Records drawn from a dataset
-*-

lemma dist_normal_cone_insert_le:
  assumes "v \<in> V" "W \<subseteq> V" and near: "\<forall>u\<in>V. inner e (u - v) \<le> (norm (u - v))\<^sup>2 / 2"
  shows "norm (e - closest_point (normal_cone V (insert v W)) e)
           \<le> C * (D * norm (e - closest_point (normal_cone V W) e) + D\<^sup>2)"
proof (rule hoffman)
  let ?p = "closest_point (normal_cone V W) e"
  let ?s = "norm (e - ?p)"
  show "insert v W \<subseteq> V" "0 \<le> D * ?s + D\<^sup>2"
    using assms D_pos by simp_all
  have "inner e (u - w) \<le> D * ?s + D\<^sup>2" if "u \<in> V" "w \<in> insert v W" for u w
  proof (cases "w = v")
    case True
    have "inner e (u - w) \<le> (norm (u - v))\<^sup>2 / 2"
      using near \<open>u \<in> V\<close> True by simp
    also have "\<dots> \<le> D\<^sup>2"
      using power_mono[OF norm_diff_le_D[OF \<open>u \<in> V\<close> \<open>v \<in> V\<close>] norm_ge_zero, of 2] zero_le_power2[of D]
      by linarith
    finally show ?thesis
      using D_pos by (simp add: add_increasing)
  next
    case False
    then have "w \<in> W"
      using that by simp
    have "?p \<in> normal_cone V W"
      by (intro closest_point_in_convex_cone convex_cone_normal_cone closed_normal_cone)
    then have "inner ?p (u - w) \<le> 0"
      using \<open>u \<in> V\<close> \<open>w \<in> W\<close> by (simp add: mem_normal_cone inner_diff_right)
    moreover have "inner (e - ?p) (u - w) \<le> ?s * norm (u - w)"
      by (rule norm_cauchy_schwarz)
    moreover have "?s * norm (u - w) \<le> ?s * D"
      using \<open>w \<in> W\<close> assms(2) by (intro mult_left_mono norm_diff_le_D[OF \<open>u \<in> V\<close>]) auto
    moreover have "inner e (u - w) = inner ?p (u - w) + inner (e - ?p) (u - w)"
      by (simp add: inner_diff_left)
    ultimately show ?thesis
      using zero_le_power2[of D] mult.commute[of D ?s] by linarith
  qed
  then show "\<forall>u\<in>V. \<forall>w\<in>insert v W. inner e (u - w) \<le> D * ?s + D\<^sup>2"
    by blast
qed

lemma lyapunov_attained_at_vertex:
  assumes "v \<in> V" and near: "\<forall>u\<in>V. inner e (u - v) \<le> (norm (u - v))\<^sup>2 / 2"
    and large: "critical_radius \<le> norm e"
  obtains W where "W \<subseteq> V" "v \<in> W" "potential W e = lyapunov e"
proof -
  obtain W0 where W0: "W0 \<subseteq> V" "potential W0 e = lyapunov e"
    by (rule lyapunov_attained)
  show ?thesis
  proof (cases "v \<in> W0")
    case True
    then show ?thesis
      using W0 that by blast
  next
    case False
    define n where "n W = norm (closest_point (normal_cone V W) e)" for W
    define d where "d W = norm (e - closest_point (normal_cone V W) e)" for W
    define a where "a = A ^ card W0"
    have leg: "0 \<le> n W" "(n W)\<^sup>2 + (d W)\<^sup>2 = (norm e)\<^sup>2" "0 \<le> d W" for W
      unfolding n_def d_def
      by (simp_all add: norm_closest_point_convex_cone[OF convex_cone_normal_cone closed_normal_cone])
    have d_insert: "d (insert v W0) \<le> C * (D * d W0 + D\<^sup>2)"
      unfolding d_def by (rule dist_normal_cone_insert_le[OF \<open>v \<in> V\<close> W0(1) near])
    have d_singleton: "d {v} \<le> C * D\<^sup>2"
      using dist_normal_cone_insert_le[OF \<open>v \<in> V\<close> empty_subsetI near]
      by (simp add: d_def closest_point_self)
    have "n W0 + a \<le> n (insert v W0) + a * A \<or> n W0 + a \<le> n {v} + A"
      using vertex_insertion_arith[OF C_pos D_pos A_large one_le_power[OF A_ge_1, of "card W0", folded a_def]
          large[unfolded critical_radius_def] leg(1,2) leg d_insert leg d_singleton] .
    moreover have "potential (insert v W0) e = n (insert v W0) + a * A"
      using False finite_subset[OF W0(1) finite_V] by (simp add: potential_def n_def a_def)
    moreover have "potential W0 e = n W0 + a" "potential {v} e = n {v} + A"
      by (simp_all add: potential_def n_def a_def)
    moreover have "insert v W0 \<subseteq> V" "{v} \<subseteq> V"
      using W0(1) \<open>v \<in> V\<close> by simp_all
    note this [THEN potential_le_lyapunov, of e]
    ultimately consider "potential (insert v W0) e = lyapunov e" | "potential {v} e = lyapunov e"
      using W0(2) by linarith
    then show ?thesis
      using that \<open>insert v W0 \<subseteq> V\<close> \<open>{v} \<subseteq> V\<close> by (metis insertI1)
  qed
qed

-*-

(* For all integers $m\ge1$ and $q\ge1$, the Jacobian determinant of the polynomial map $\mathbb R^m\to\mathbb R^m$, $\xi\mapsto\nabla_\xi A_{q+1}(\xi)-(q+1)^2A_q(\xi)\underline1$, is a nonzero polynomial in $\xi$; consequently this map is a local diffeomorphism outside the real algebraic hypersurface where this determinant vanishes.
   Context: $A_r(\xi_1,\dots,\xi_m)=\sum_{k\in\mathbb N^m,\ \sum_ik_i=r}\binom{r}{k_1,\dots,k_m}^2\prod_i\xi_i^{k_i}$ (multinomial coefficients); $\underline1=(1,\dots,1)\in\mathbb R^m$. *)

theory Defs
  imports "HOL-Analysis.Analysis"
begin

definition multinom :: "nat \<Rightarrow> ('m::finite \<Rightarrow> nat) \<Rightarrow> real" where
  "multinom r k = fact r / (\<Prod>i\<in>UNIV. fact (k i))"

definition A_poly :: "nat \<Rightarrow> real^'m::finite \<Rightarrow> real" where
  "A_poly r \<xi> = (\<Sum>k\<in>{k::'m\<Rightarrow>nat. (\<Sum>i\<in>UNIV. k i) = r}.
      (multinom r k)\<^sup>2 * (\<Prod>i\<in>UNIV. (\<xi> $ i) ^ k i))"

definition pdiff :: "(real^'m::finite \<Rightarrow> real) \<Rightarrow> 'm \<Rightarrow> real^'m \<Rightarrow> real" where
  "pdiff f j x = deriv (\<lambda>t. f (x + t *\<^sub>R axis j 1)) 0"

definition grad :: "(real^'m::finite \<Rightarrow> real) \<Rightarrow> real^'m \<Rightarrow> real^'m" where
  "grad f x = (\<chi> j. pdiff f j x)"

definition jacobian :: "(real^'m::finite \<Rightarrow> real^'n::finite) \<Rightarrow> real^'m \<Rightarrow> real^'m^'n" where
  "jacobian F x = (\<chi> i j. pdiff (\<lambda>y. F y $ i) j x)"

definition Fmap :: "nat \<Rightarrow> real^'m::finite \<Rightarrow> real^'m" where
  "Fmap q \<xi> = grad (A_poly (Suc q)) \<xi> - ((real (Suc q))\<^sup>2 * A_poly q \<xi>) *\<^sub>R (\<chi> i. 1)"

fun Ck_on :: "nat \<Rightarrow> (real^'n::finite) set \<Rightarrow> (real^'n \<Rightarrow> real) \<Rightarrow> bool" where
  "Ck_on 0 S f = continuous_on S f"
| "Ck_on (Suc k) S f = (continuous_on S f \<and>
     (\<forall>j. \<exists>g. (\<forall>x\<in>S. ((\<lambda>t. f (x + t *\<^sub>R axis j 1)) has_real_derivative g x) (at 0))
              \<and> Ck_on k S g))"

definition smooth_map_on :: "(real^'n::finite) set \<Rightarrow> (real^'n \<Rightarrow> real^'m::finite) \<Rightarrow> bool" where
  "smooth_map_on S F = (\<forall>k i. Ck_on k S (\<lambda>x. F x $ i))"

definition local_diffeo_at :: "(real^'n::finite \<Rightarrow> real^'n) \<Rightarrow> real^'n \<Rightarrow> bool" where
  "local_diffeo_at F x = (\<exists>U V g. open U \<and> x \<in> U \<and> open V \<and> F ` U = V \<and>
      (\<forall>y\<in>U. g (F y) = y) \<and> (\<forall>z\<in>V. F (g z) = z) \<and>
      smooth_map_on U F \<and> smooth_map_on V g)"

-*-

*Work required*: What are the lines above, starting at the one with "obtains W where" and ending at the one with "using dist_normal_cone_insert_le[OF \<open>v"? Give them again exactly, and only them.

*Completed exercise*:
  obtains W where "W \<subseteq> V" "v \<in> W" "potential W e = lyapunov e"
proof -
  obtain W0 where W0: "W0 \<subseteq> V" "potential W0 e = lyapunov e"
    by (rule lyapunov_attained)
  show ?thesis
  proof (cases "v \<in> W0")
    case True
    then show ?thesis
      using W0 that by blast
  next
    case False
    define n where "n W = norm (closest_point (normal_cone V W) e)" for W
    define d where "d W = norm (e - closest_point (normal_cone V W) e)" for W
    define a where "a = A ^ card W0"
    have leg: "0 \<le> n W" "(n W)\<^sup>2 + (d W)\<^sup>2 = (norm e)\<^sup>2" "0 \<le> d W" for W
      unfolding n_def d_def
      by (simp_all add: norm_closest_point_convex_cone[OF convex_cone_normal_cone closed_normal_cone])
    have d_insert: "d (insert v W0) \<le> C * (D * d W0 + D\<^sup>2)"
      unfolding d_def by (rule dist_normal_cone_insert_le[OF \<open>v \<in> V\<close> W0(1) near])
    have d_singleton: "d {v} \<le> C * D\<^sup>2"
      using dist_normal_cone_insert_le[OF \<open>v \<in> V\<close> empty_subsetI near]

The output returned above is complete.